Residents who live in the shadow of the plant and will face those health impacts personally have protested its zombie march through the summer. The cost of running the plant — about $1 million per day — will spread out across rate-payers in the whole midwestern region, raising electricity prices for everyone. If this effort expands to other coal plants with planned retirements in the next few years, the cost could eclipse $3 billion, paid for by us.

According to reporting from The Guardian and elsewhere, the company that runs the plant is in fact concerned that those worst-case scenarios will come to pass — it has told outside groups that there is a decent chance Wright will just keep doing this, popping his head out of Trump’s Caves of Delusion to announce the “emergency” still persists every 90 days, adding a new 11 dead people to the tally every three months through the end of his term.

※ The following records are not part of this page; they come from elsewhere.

(* Consider the problem $\min_{x\in\mathbb{R}^n}\max_{y\in\Delta}F(x)^Ty$ with Assumption A, the strict complementarity assumption, and either the bounded level set assumption or boundedness of $\{z^t\}$. Let Smoothed-GDA be run with parameters $$p>3L,\ c<\frac{1}{p+L},\ \alpha<\min\Big\{\frac{1}{11L},\frac{c^2(p-L)^2}{4L(1+c(p-L))^2}\Big\},\ \beta\le\min\Big\{\frac1{36},\frac{(p-L)^2}{384p(p+L)^2}\Big\}.$$ Then there is a constant $\beta'>0$ such that, if in addition $\beta<\beta'$, for every $t\ge0$ $$\phi^t-\phi^{t+1}\ge\frac1{16c}\|x^t-x^{t+1}\|^2+\frac1{16\alpha}\|y^t-y^t_+(z^t)\|^2+\frac{p}{16\beta}\|z^t-z^{t+1}\|^2.$$
   Context: $F(x)=(f_1(x),\dots,f_m(x))^T$ is a smooth map $\mathbb{R}^n\to\mathbb{R}^m$, $\Delta$ the probability simplex in $\mathbb{R}^m$, $f(x,y)=F(x)^Ty$. Assumption A: $\nabla_xf,\nabla_yf$ are $L$-Lipschitz ($L>0$), $\psi(x)=\max_if_i(x)$ is bounded below by a finite constant. KKT system for $(x^*,y^* )$ with multipliers $\mu\in\mathbb{R},\nu\in\mathbb{R}^m$: $\sum_iy^*_i\nabla f_i(x^* )=0$, $\sum_iy_i^*=1$, $y_i^*\ge0$, $\mu-\nu_i=f_i(x^* )$, $\nu_i\ge0$, $\nu_iy_i^*=0$. Strict complementarity: every solution of the KKT system has $\nu_i>0$ whenever $y^*_i=0$. Bounded level set assumption: $\{x:\psi(x)\le R\}$ bounded for all $R>0$. $K(x,z;y)=f(x,y)+\frac p2\|x-z\|^2$; $x(y,z)=\arg\min_xK(x,z;y)$; $d(y,z)=\min_xK(x,z;y)$; $P(z)=\min_x\max_{y\in\Delta}K(x,z;y)$; $\phi(x,y,z)=K(x,z;y)-2d(y,z)+2P(z)$. Smoothed-GDA: $x^{t+1}=x^t-c\nabla_xK(x^t,z^t;y^t)$, $y^{t+1}=P_\Delta(y^t+\alpha\nabla_yK(x^{t+1},z^t;y^t))$, $z^{t+1}=z^t+\beta(x^{t+1}-z^t)$; $\phi^t=\phi(x^t,y^t,z^t)$, $y^t_+(z^t)=P_\Delta(y^t+\alpha\nabla_yK(x(y^t,z^t),z^t;y^t))$. *)

theory Defs
  imports "HOL-Analysis.Analysis"
begin
lemma perp_triangle_area_ratio:
  assumes "\<not> collinear {A, B, C}"
    and "A' \<in> perp_line_at A B \<inter> perp_line_at B C"
    and "B' \<in> perp_line_at B C \<inter> perp_line_at C A"
    and "C' \<in> perp_line_at C A \<inter> perp_line_at A B"
  shows "tri_area A' B' C' / tri_area A B C = (side_sq_sum A B C)\<^sup>2 / (16 * (tri_area A B C)\<^sup>2)"
  using perp_triangle_area[OF assms] assms(1)
  by (simp add: tri_area_pos_iff[symmetric] power2_eq_square field_simps)

lemma equilateral_triangle_exists: "\<exists>A B C :: real^2. \<not> collinear {A, B, C} \<and> equilateral A B C"
proof -
  define A B C :: "real^2" where "A = vector [0, 0]" "B = vector [2, 0]" "C = vector [1, sqrt 3]"
  have "\<not> collinear {A, B, C}"
    by (simp add: collinear_iff_cross2 cross2_def A_B_C_def)
  moreover have "(dist A B)\<^sup>2 = 4" "(dist B C)\<^sup>2 = 4" "(dist C A)\<^sup>2 = 4"
    by (simp_all add: dist_real2_sq A_B_C_def)
  then have "equilateral A B C"
    by (simp add: equilateral_iff_sq)
  ultimately show ?thesis
    by blast
qed

lemma perp_triangle_area_ratio_ge:
  assumes "\<not> collinear {A, B, C}"
    and "A' \<in> perp_line_at A B \<inter> perp_line_at B C"
    and "B' \<in> perp_line_at B C \<inter> perp_line_at C A"
    and "C' \<in> perp_line_at C A \<inter> perp_line_at A B"
  shows "tri_area A' B' C' / tri_area A B C \<ge> 3"
proof -
  have "tri_area A B C > 0"
    using assms(1) by (simp add: tri_area_pos_iff)
  then show ?thesis
    using weitzenboeck_inequality[of A B C]
    by (simp add: perp_triangle_area_ratio[OF assms] field_simps)
qed
lemma is_pullback_id_left:
  assumes "quadratic_space D" "qmor D E a"
  shows "is_pullback E D Z id a D a id"
  using assms by (auto simp: is_pullback_def qmor_id)

lemma f2_linear_id: "f2_linear M M id"
  by (simp add: f2_linear_def)

lemma f2_linear_comp: "f2_linear L M f \<Longrightarrow> f2_linear M N g \<Longrightarrow> f2_linear L N (g \<circ> f)"
  unfolding f2_linear_def by (auto simp: Pi_def)

lemma f2_linear_closed: "f2_linear M N f \<Longrightarrow> x \<in> carrier M \<Longrightarrow> f x \<in> carrier N"
  unfolding f2_linear_def by blast

lemma module_fixed_points:
  assumes M: "module F2 M" and e: "f2_linear M M e"
  shows "module F2 (M\<lparr>carrier := {x \<in> carrier M. e x = x}\<rparr>)"
proof -
  interpret module F2 M by (rule M)
  have closed: "e x \<in> carrier M" and smult: "e (c \<odot>\<^bsub>M\<^esub> x) = c \<odot>\<^bsub>M\<^esub> e x"
    if "x \<in> carrier M" for x c
    using e that by (auto simp: f2_linear_def)
  have "submodule {x \<in> carrier M. e x = x} F2 M"
  proof (rule submoduleI)
    have "e \<zero>\<^bsub>M\<^esub> = \<zero>\<^bsub>F2\<^esub> \<odot>\<^bsub>M\<^esub> e \<zero>\<^bsub>M\<^esub>"
      using smult[of "\<zero>\<^bsub>M\<^esub>" "\<zero>\<^bsub>F2\<^esub>"] by simp
    then show "\<zero>\<^bsub>M\<^esub> \<in> {x \<in> carrier M. e x = x}"
      using closed[of "\<zero>\<^bsub>M\<^esub>"] by simp
  next
    fix a assume "a \<in> {x \<in> carrier M. e x = x}"
    moreover have "\<ominus>\<^bsub>M\<^esub> a = (\<ominus>\<^bsub>F2\<^esub> \<one>\<^bsub>F2\<^esub>) \<odot>\<^bsub>M\<^esub> a" if "a \<in> carrier M"
      using smult_l_minus[of "\<one>\<^bsub>F2\<^esub>" a] that by simp
    ultimately show "\<ominus>\<^bsub>M\<^esub> a \<in> {x \<in> carrier M. e x = x}"
      using smult by auto
  qed (use e in \<open>auto simp: f2_linear_def\<close>)
  then show ?thesis
    using submodule.submodule_is_module M by blast
qed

As always, the Trump administration offers up plenty of horrors. But there is something so profoundly dark about this move, cynically put forth as a necessity to keep the lights on but in reality merely a brute-force troll to own the libs, and maybe funnel a bit more cash to some grubby coal executives. Again, not even the company that owns the plant is excited about this; before Trump took office the coal sector could be largely understood as an industry that, while perhaps clawing at the walls now and again, was in the process of accepting its new home at the bottom of a capped-off mine. Trump is letting it crawl around on the surface, grotesque and deadly, for 90 more days, and 90 more after that.